The same mechanism could also be used to propagate a new key and/or cycle server instances in the event of a key change.
I have a pretty basic question: In GAE, if I use memcache to store some data once it was retrieved for the first time from the db, if then that data remains in the cache for like 2 days, do ALL instances of said application get to "see" it and retrieve it from cache? Or is the cache separate for each application instance?
I'm asking this because I've seen that due to the way that GAE spawns separate VM processes (not threads) for each new instance an application needs, stuff that used to be consistent across all instances (in the thread model) is now fragmented per instance (process): like the servelet application context which is NOT propagated across all instances of the same application.
So, again, is memcache consisten across multiple instances of the same application, or does it create per instance/process sets of cached data?
It's consistent; GAE memcache runs as a service separate from your instances.
I am curious as to how caching works in Google App Engine or any cloud based application. Since there is no guarantee that requests are sent to same sever, does that mean that if data is cached on 1st request on Server A, then on 2nd requests which is processed by Server B, it will not be able to access the cache?
If thats the case (cache only local to server), won't it be unlikely (depending on number of users) that a request uses the cache? eg. Google probably has thousands of servers
With App Engine you cache using memcached. This means that a cache server will hold the data in memory (rather than each application server). The application servers (for a given application) all talk the same cache server (conceptually, there could be sharding or replication going on under the hoods).
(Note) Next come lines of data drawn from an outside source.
text \<open>Since the lists are not all equal, some consecutive vertices have different lists; after
  rotating the cycle these are n - 1 and 0, and we fix a colour c in L (n - 1) but not in L 0.
  A non-frozen colouring can change the colour of any vertex: recolour an unfrozen vertex, then
  one after another the frozen vertices between it and the target, each of which sees exactly its
  two other colours on its two neighbours. In particular both colourings can be brought to colour
  vertex n - 1 with c. From then on n - 1 never blocks vertex 0, the rest of the cycle is a path
  with lists of size three, and two such colourings are matched vertex by vertex from n - 2 down
  to 0, each time first recolouring the initial segment of the path greedily out of the way.\<close>

lemma reconf_trans: "reconf V E L \<alpha> \<beta> \<Longrightarrow> reconf V E L \<beta> \<gamma> \<Longrightarrow> reconf V E L \<alpha> \<gamma>"
  unfolding reconf_def by (rule rtranclp_trans)

lemma reconf_sym:
  assumes "reconf V E L \<alpha> \<beta>"
  shows "reconf V E L \<beta> \<alpha>"
proof -
  have "symp (recolour_step V E L)"
    unfolding recolour_step_def by (rule sympI) metis
  then show ?thesis
    using assms unfolding reconf_def by (metis symp_rtranclp sympD)
qed

lemma reconf_L_colouring:
  "reconf V E L \<alpha> \<beta> \<Longrightarrow> L_colouring V E L \<alpha> \<Longrightarrow> L_colouring V E L \<beta>"
  unfolding reconf_def by (induction rule: rtranclp_induct) (auto simp: recolour_step_def)

lemma reconf_if_eq_on:
  assumes "V \<noteq> {}" "L_colouring V E L \<alpha>" "L_colouring V E L \<beta>" "\<forall>v\<in>V. \<alpha> v = \<beta> v"
  shows "reconf V E L \<alpha> \<beta>"
  using assms unfolding reconf_def recolour_step_def by blast

lemma reconf_fun_upd:
  assumes "symp E" "\<not> E x x" "L_colouring V E L \<gamma>" "x \<in> V" "y \<in> L x"
    and "\<forall>u\<in>V. E x u \<longrightarrow> \<gamma> u \<noteq> y"
  shows "reconf V E L \<gamma> (\<gamma>(x := y))"
proof -
  have "L_colouring V E L (\<gamma>(x := y))"
    using assms unfolding L_colouring_def by (auto dest: sympD)
  then have "recolour_step V E L \<gamma> (\<gamma>(x := y))"
    using assms(3,4) unfolding recolour_step_def by auto
  then show ?thesis
    unfolding reconf_def by blast
qed

lemma reconf_recolour_unfrozen:
  assumes "symp E" "\<not> E v v" "L_colouring V E L \<gamma>" "v \<in> V" "\<not> frozen_vertex V E L \<gamma> v"
  obtains y where "y \<noteq> \<gamma> v" "reconf V E L \<gamma> (\<gamma>(v := y))"
  using assms reconf_fun_upd[OF assms(1-4)] unfolding frozen_vertex_def by blast

text \<open>A frozen vertex of degree two with a list of size three sees both of its other colours
  on its neighbours, so the colour given up by one neighbour is free while the other keeps its own.\<close>
lemma reconf_recolour_frozen_degree_two:
  assumes "symp E" "\<not> E j j" "L_colouring V E L \<gamma>" "L_colouring V E L \<gamma>'"
    and "j \<in> V" "frozen_vertex V E L \<gamma> j" "finite (L j)" "card (L j) = 3"
    and "{u\<in>V. E j u} = {a, b}" "\<gamma>' a = \<gamma> a" "\<gamma>' b \<noteq> \<gamma> b"
  shows "\<gamma> b \<noteq> \<gamma> j" "reconf V E L \<gamma>' (\<gamma>'(j := \<gamma> b))"
proof -
  have ab: "a \<in> V" "b \<in> V" "E j a" "E j b"
    using assms(9) by blast+
  show "\<gamma> b \<noteq> \<gamma> j"
    using assms(1,3,5) ab unfolding L_colouring_def by (metis sympD)
  have sub: "L j - {\<gamma> j} \<subseteq> {\<gamma> a, \<gamma> b}"
    using assms(6,9) unfolding frozen_vertex_def by (force simp: set_eq_iff)
  have two: "card (L j - {\<gamma> j}) = 2"
    using assms(3,5,7,8) unfolding L_colouring_def by simp
  moreover have "card {\<gamma> a, \<gamma> b} \<le> 2"
    by (cases "\<gamma> a = \<gamma> b") auto
  ultimately have "L j - {\<gamma> j} = {\<gamma> a, \<gamma> b}"
    using card_seteq[OF _ sub] by simp
  moreover from this have "\<gamma> a \<noteq> \<gamma> b"
    using two by (cases "\<gamma> a = \<gamma> b") simp_all
  moreover have "\<forall>u\<in>V. E j u \<longrightarrow> u = a \<or> u = b"
    using assms(9) by blast
  ultimately have "\<forall>u\<in>V. E j u \<longrightarrow> \<gamma>' u \<noteq> \<gamma> b" "\<gamma> b \<in> L j"
    using assms(10,11) by auto
  then show "reconf V E L \<gamma>' (\<gamma>'(j := \<gamma> b))"
    using reconf_fun_upd[OF assms(1,2,4,5)] by blast
qed

definition graph_automorphism :: "'v set \<Rightarrow> ('v \<Rightarrow> 'v \<Rightarrow> bool) \<Rightarrow> ('v \<Rightarrow> 'v) \<Rightarrow> bool" where
  "graph_automorphism V E \<sigma> \<longleftrightarrow> bij \<sigma> \<and> \<sigma> ` V = V \<and> (\<forall>x\<in>V. \<forall>y\<in>V. E (\<sigma> x) (\<sigma> y) \<longleftrightarrow> E x y)"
In-memory caching on the application server itself will potentially not be very effective, because there is more than one of those (although for your given application there are only a few instances active, it is not spread out over all of Google's servers), and also because Google is free to shut them down all the time (which is a real problem for Java apps that take some time to boot up again, so now you can pay to keep idle instances alive).
In addition to these performance/effectiveness issues, in-memory caching on the application server could lead to consistency problems (every refresh shows different data when the caches are not in sync).
Depends on the type of caching you want to achieve.
Caching on the application server itself can be interesting if you have complex in-memory object structure that takes time to rebuild from data loaded from the database. In that specific case, you may want to cache the result of the computation. It will be faster to use a local cache than a shared memcache to load if the structure is large.
If having consistent value between in-memory and the database is paramount, you can do some checksum/timestamp check with a stored value on the datastore, every time you use the cached value. Storing checksum/timestamp on a small object or in a global cache will fasten the process.
One big issue using global memcache is ensuring proper synchronization on "refilling" it, when a value is not yet present or has been flushed. If you have multiple servers doing the check at the exact same time and refilling value in cache, you may end-up having several distinct servers doing the refill at the same time. If the operation is idem-potent, this is not a problem; if not, a potential and very hard to trace bug.